Stored data entries:
"""

lemma dist_certificate_walk_exists:
  assumes "u \<in> verts G" "v \<in> verts G"
  shows "\<exists>xs. walk_betw G u xs v \<and> length xs = Suc (D u v)"
  using assms(1)
proof (induction "D u v" arbitrary: u)
  case 0
  then have "u = v" using dist_certificate_eq_0_iff assms(2) by simp
  then show ?case using 0 by (intro exI[of _ "[u]"]) (auto simp: walk_betw_def walk_def)
next
  case (Suc d)
  then obtain w where w: "w \<in> verts G" "adj G u w" "D w v + 1 = D u v"
    using dist_certificate_descent assms(2) by (metis zero_less_Suc)
  then have "d = D w v" using Suc.hyps(2) by simp
  then obtain xs where "walk_betw G w xs v" "length xs = Suc (D w v)"
    using Suc.hyps(1) w(1) by blast
  then show ?case
    using w Suc.prems by (intro exI[of _ "u # xs"]) (cases xs; auto simp: walk_betw_def walk_Cons)
qed

lemma dist_certificate_connected: "graph_connected G"
  using dist_certificate_walk_exists by (fastforce simp: graph_connected_def)

lemma dist_eq_certificate:
  assumes "u \<in> verts G" "v \<in> verts G"
  shows "dist G u v = D u v"
proof (rule antisym)
  obtain xs where xs: "walk_betw G u xs v" "length xs = Suc (D u v)"
    using dist_certificate_walk_exists[OF assms] by blast
  then show "dist G u v \<le> D u v" using dist_less_length by fastforce
  obtain ys where "shortest_path G u ys v"
    using shortest_path_exists[OF xs(1)] by blast
  then show "D u v \<le> dist G u v"
    using dist_certificate_less_length by (fastforce simp: shortest_path_def)
qed

end

lemma verts_cart_prod: "verts (cart_prod G H) = verts G \<times> verts H"
  by (simp add: verts_def cart_prod_def)

lemma adj_cart_prod: "adj (cart_prod G H) (g1, h1) (g2, h2) \<longleftrightarrow>
   h1 = h2 \<and> h1 \<in> verts H \<and> adj G g1 g2 \<or> g1 = g2 \<and> g1 \<in> verts G \<and> adj H h1 h2"
  by (simp add: adj_def cart_prod_def)
lemma cp_ideal_generated_smult:
  assumes X: "X \<subseteq> cp B I" and z: "z \<in> cp_ideal_generated B I \<phi> X"
  shows "cp_smult r z \<in> cp_ideal_generated B I \<phi> X"
proof -
  obtain L where L: "set L \<subseteq> cp B I \<times> X \<times> cp B I" and z: "z = (\<Sum>(a, x, b)\<leftarrow>L. a \<star> x \<star> b)"
    using z unfolding cp_ideal_generated_def by blast
  have "cp_smult r (a \<star> x \<star> b) = cp_smult r a \<star> x \<star> b" if "(a, x, b) \<in> set L" for a x b
  proof -
    have a: "a \<in> cp B I" and x: "x \<in> cp B I" using that L X by auto
    show ?thesis
      using cp_finsuppI[OF a] cp_finsuppI[OF cp_mult_in_cp[OF a x]] by (simp add: cp_mult_smult_left)
  qed
  hence "cp_smult r z = (\<Sum>(a, x, b)\<leftarrow>map (\<lambda>(a, x, b). (cp_smult r a, x, b)) L. a \<star> x \<star> b)"
    unfolding z cp_smult_sum_list map_map
    by (intro arg_cong[where f = sum_list] map_cong refl) (auto split: prod.splits)
  moreover have "set (map (\<lambda>(a, x, b). (cp_smult r a, x, b)) L) \<subseteq> cp B I \<times> X \<times> cp B I"
    using L by (auto simp: smult_in_cp)
  ultimately show ?thesis unfolding cp_ideal_generated_def by blast
qed

lemma cp_ideal_cp_ideal_generated:
  assumes X: "X \<subseteq> cp B I"
  shows "cp_ideal B I \<phi> (cp_ideal_generated B I \<phi> X)"
proof -
  have zero: "0 \<in> cp_ideal_generated B I \<phi> X"
    unfolding cp_ideal_generated_def by (auto intro!: exI[of _ "[]"])
  have add: "x + y \<in> cp_ideal_generated B I \<phi> X"
    if x: "x \<in> cp_ideal_generated B I \<phi> X" and y: "y \<in> cp_ideal_generated B I \<phi> X" for x y
  proof -
    obtain L1 where "set L1 \<subseteq> cp B I \<times> X \<times> cp B I" "x = (\<Sum>(a, x, b)\<leftarrow>L1. a \<star> x \<star> b)"
      using x unfolding cp_ideal_generated_def by blast
    moreover obtain L2 where "set L2 \<subseteq> cp B I \<times> X \<times> cp B I" "y = (\<Sum>(a, x, b)\<leftarrow>L2. a \<star> x \<star> b)"
      using y unfolding cp_ideal_generated_def by blast
    ultimately show ?thesis
      unfolding cp_ideal_generated_def by (intro CollectI exI[of _ "L1 @ L2"]) auto
  qed
  show ?thesis
    unfolding cp_ideal_def cp_zero_eq cp_add_eq
    by (intro conjI ballI allI zero add cp_ideal_generated_subset_cp cp_ideal_generated_smult
        cp_ideal_generated_mult_left cp_ideal_generated_mult_right X)
qed

lemma delta_in_cp_ideal_generated:
  assumes "V \<in> I g" and "V \<in> S"
  shows "delta B V g \<in> cp_ideal_generated B I \<phi> ((\<lambda>V. delta B V 0) ` S)"
proof -
  have V: "V \<in> I 0" using assms(1) I_mem_B I_zero by simp
  have "delta B V g = delta B V 0 \<star> delta B V 0 \<star> delta B V g"
    by (simp add: delta_zero_mult_delta[OF V] delta_zero_mult_delta[OF assms(1)])
  moreover have "delta B V 0 \<in> cp B I" "delta B V g \<in> cp B I"
    using delta_in_cp V assms(1) by blast+
  ultimately show ?thesis
    unfolding cp_ideal_generated_def using assms(2)
    by (intro CollectI exI[of _ "[(delta B V 0, delta B V 0, delta B V g)]"]) auto
qed

lemma dsum_cp_lmod_in_cp:
  assumes "y \<in> dsum Idx (\<lambda>i. cp_lmod B I \<phi> (x i))" "i \<in> Idx" "x i \<in> cp B I"
  shows "y i \<in> cp B I"
proof -
  obtain a where "a \<in> cp B I" "y i = a \<star> x i"
    using assms(1,2) unfolding dsum_def cp_lmod_def by blast
  thus ?thesis using assms(3) by (simp add: cp_mult_in_cp)
qed

lemma surj_lmod_hom_sandwich:
  fixes a x b :: "'i \<Rightarrow> 'g \<Rightarrow> 'b set \<Rightarrow> 'r::comm_ring_1"
  assumes fin: "finite Idx"
    and a: "\<And>i. i \<in> Idx \<Longrightarrow> a i \<in> cp B I" and x: "\<And>i. i \<in> Idx \<Longrightarrow> x i \<in> cp B I"
    and b: "\<And>i. i \<in> Idx \<Longrightarrow> b i \<in> cp B I"
    and u: "u \<in> cp B I" and idem: "u \<star> u = u" and u_eq: "u = (\<Sum>i\<in>Idx. a i \<star> x i \<star> b i)"
  shows "surj_lmod_hom B I \<phi> (dsum Idx (\<lambda>i. cp_lmod B I \<phi> (x i))) (cp_lmod B I \<phi> u)
           (\<lambda>y. \<Sum>i\<in>Idx. y i \<star> b i \<star> u)"
proof -
  let ?D = "dsum Idx (\<lambda>i. cp_lmod B I \<phi> (x i))"
  let ?F = "\<lambda>y. \<Sum>i\<in>Idx. y i \<star> b i \<star> u"
  have D_cp: "y i \<in> cp B I" if "y \<in> ?D" "i \<in> Idx" for y i
    using dsum_cp_lmod_in_cp[OF that x[OF that(2)]] .
  have F_eq: "?F y = (\<Sum>i\<in>Idx. y i \<star> b i) \<star> u" if y: "y \<in> ?D" for y
    by (rule cp_mult_sum_left[symmetric]) (use D_cp[OF y] b in \<open>blast intro: cp_mult_in_cp\<close>)
  have add: "?F (\<lambda>i. cp_add (y i) (z i)) = cp_add (?F y) (?F z)" if "y \<in> ?D" "z \<in> ?D" for y z
  proof -
    have "(y i + z i) \<star> b i \<star> u = y i \<star> b i \<star> u + z i \<star> b i \<star> u" if "i \<in> Idx" for i
      using cp_finsuppI[OF D_cp[OF \<open>y \<in> ?D\<close> that]] cp_finsuppI[OF D_cp[OF \<open>z \<in> ?D\<close> that]]
        cp_finsuppI[OF b[OF that]]
      by (simp add: cp_mult_add_left cp_finsupp_mult)
    thus ?thesis unfolding cp_add_eq by (simp add: sum.distrib)
  qed
  have linear: "?F (\<lambda>i. c \<star> y i) = c \<star> ?F y" if c: "c \<in> cp B I" and y: "y \<in> ?D" for c y
    unfolding cp_mult_sum_right
  proof (rule sum.cong[OF refl])
    fix i assume i: "i \<in> Idx"
    show "c \<star> y i \<star> b i \<star> u = c \<star> (y i \<star> b i \<star> u)"
      using cp_mult_assoc[OF c D_cp[OF y i] b[OF i]]
        cp_mult_assoc[OF c cp_mult_in_cp[OF D_cp[OF y i] b[OF i]] u] by simp
  qed
  have image_subset: "?F ` ?D \<subseteq> cp_lmod B I \<phi> u"
  proof
    fix z assume "z \<in> ?F ` ?D"
    then obtain y where y: "y \<in> ?D" and z: "z = ?F y" by blast
    have "(\<Sum>i\<in>Idx. y i \<star> b i) \<in> cp B I"
      using D_cp[OF y] b by (intro sum_in_cp cp_mult_in_cp)
    thus "z \<in> cp_lmod B I \<phi> u" unfolding cp_lmod_def z F_eq[OF y] by blast
  qed
  have subset_image: "cp_lmod B I \<phi> u \<subseteq> ?F ` ?D"
  proof
    fix z assume "z \<in> cp_lmod B I \<phi> u"
    then obtain c where c: "c \<in> cp B I" and z: "z = c \<star> u" unfolding cp_lmod_def by blast
    define y where "y i = (if i \<in> Idx then c \<star> a i \<star> x i else 0)" for i
    have y: "y \<in> ?D"
      unfolding dsum_def cp_lmod_def cp_zero_eq y_def
      using c a fin by (auto intro: cp_mult_in_cp finite_subset[of _ Idx])
    \<comment> \<open>idempotence of u lets the decomposition of u act on the left factor of c u u\<close>
    have "z = c \<star> u \<star> u" using cp_mult_assoc[OF c u u] idem z by simp
    also have "c \<star> u = (\<Sum>i\<in>Idx. c \<star> (a i \<star> x i \<star> b i))"
      by (subst u_eq) (rule cp_mult_sum_right)
    also have "\<dots> = (\<Sum>i\<in>Idx. y i \<star> b i)"
    proof (rule sum.cong[OF refl])
      fix i assume i: "i \<in> Idx"
      show "c \<star> (a i \<star> x i \<star> b i) = y i \<star> b i"
        using cp_mult_assoc[OF c cp_mult_in_cp[OF a[OF i] x[OF i]] b[OF i]]
          cp_mult_assoc[OF c a[OF i] x[OF i]] i by (simp add: y_def)
    qed
    finally have "z = ?F y" using F_eq[OF y] by simp
    thus "z \<in> ?F ` ?D" using y by blast
  qed
  show ?thesis
    unfolding surj_lmod_hom_def
    by (intro conjI ballI equalityI add linear image_subset subset_image)
qed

"""

## TASK DIRECTIONS:
Please give an exact copy of the lines above, beginning with the line containing "r (a \<star>" and running through the line containing "V g = delta", and of no other lines.

## EXERCISE RESPONSE:
  have "cp_smult r (a \<star> x \<star> b) = cp_smult r a \<star> x \<star> b" if "(a, x, b) \<in> set L" for a x b
  proof -
    have a: "a \<in> cp B I" and x: "x \<in> cp B I" using that L X by auto
    show ?thesis
      using cp_finsuppI[OF a] cp_finsuppI[OF cp_mult_in_cp[OF a x]] by (simp add: cp_mult_smult_left)
  qed
  hence "cp_smult r z = (\<Sum>(a, x, b)\<leftarrow>map (\<lambda>(a, x, b). (cp_smult r a, x, b)) L. a \<star> x \<star> b)"
    unfolding z cp_smult_sum_list map_map
    by (intro arg_cong[where f = sum_list] map_cong refl) (auto split: prod.splits)
  moreover have "set (map (\<lambda>(a, x, b). (cp_smult r a, x, b)) L) \<subseteq> cp B I \<times> X \<times> cp B I"
    using L by (auto simp: smult_in_cp)
  ultimately show ?thesis unfolding cp_ideal_generated_def by blast
qed

lemma cp_ideal_cp_ideal_generated:
  assumes X: "X \<subseteq> cp B I"
  shows "cp_ideal B I \<phi> (cp_ideal_generated B I \<phi> X)"
proof -
  have zero: "0 \<in> cp_ideal_generated B I \<phi> X"
    unfolding cp_ideal_generated_def by (auto intro!: exI[of _ "[]"])
  have add: "x + y \<in> cp_ideal_generated B I \<phi> X"
    if x: "x \<in> cp_ideal_generated B I \<phi> X" and y: "y \<in> cp_ideal_generated B I \<phi> X" for x y
  proof -
    obtain L1 where "set L1 \<subseteq> cp B I \<times> X \<times> cp B I" "x = (\<Sum>(a, x, b)\<leftarrow>L1. a \<star> x \<star> b)"
      using x unfolding cp_ideal_generated_def by blast
    moreover obtain L2 where "set L2 \<subseteq> cp B I \<times> X \<times> cp B I" "y = (\<Sum>(a, x, b)\<leftarrow>L2. a \<star> x \<star> b)"
      using y unfolding cp_ideal_generated_def by blast
    ultimately show ?thesis
      unfolding cp_ideal_generated_def by (intro CollectI exI[of _ "L1 @ L2"]) auto
  qed
  show ?thesis
    unfolding cp_ideal_def cp_zero_eq cp_add_eq
    by (intro conjI ballI allI zero add cp_ideal_generated_subset_cp cp_ideal_generated_smult
        cp_ideal_generated_mult_left cp_ideal_generated_mult_right X)
qed

lemma delta_in_cp_ideal_generated:
  assumes "V \<in> I g" and "V \<in> S"
  shows "delta B V g \<in> cp_ideal_generated B I \<phi> ((\<lambda>V. delta B V 0) ` S)"
proof -
  have V: "V \<in> I 0" using assms(1) I_mem_B I_zero by simp
  have "delta B V g = delta B V 0 \<star> delta B V 0 \<star> delta B V g"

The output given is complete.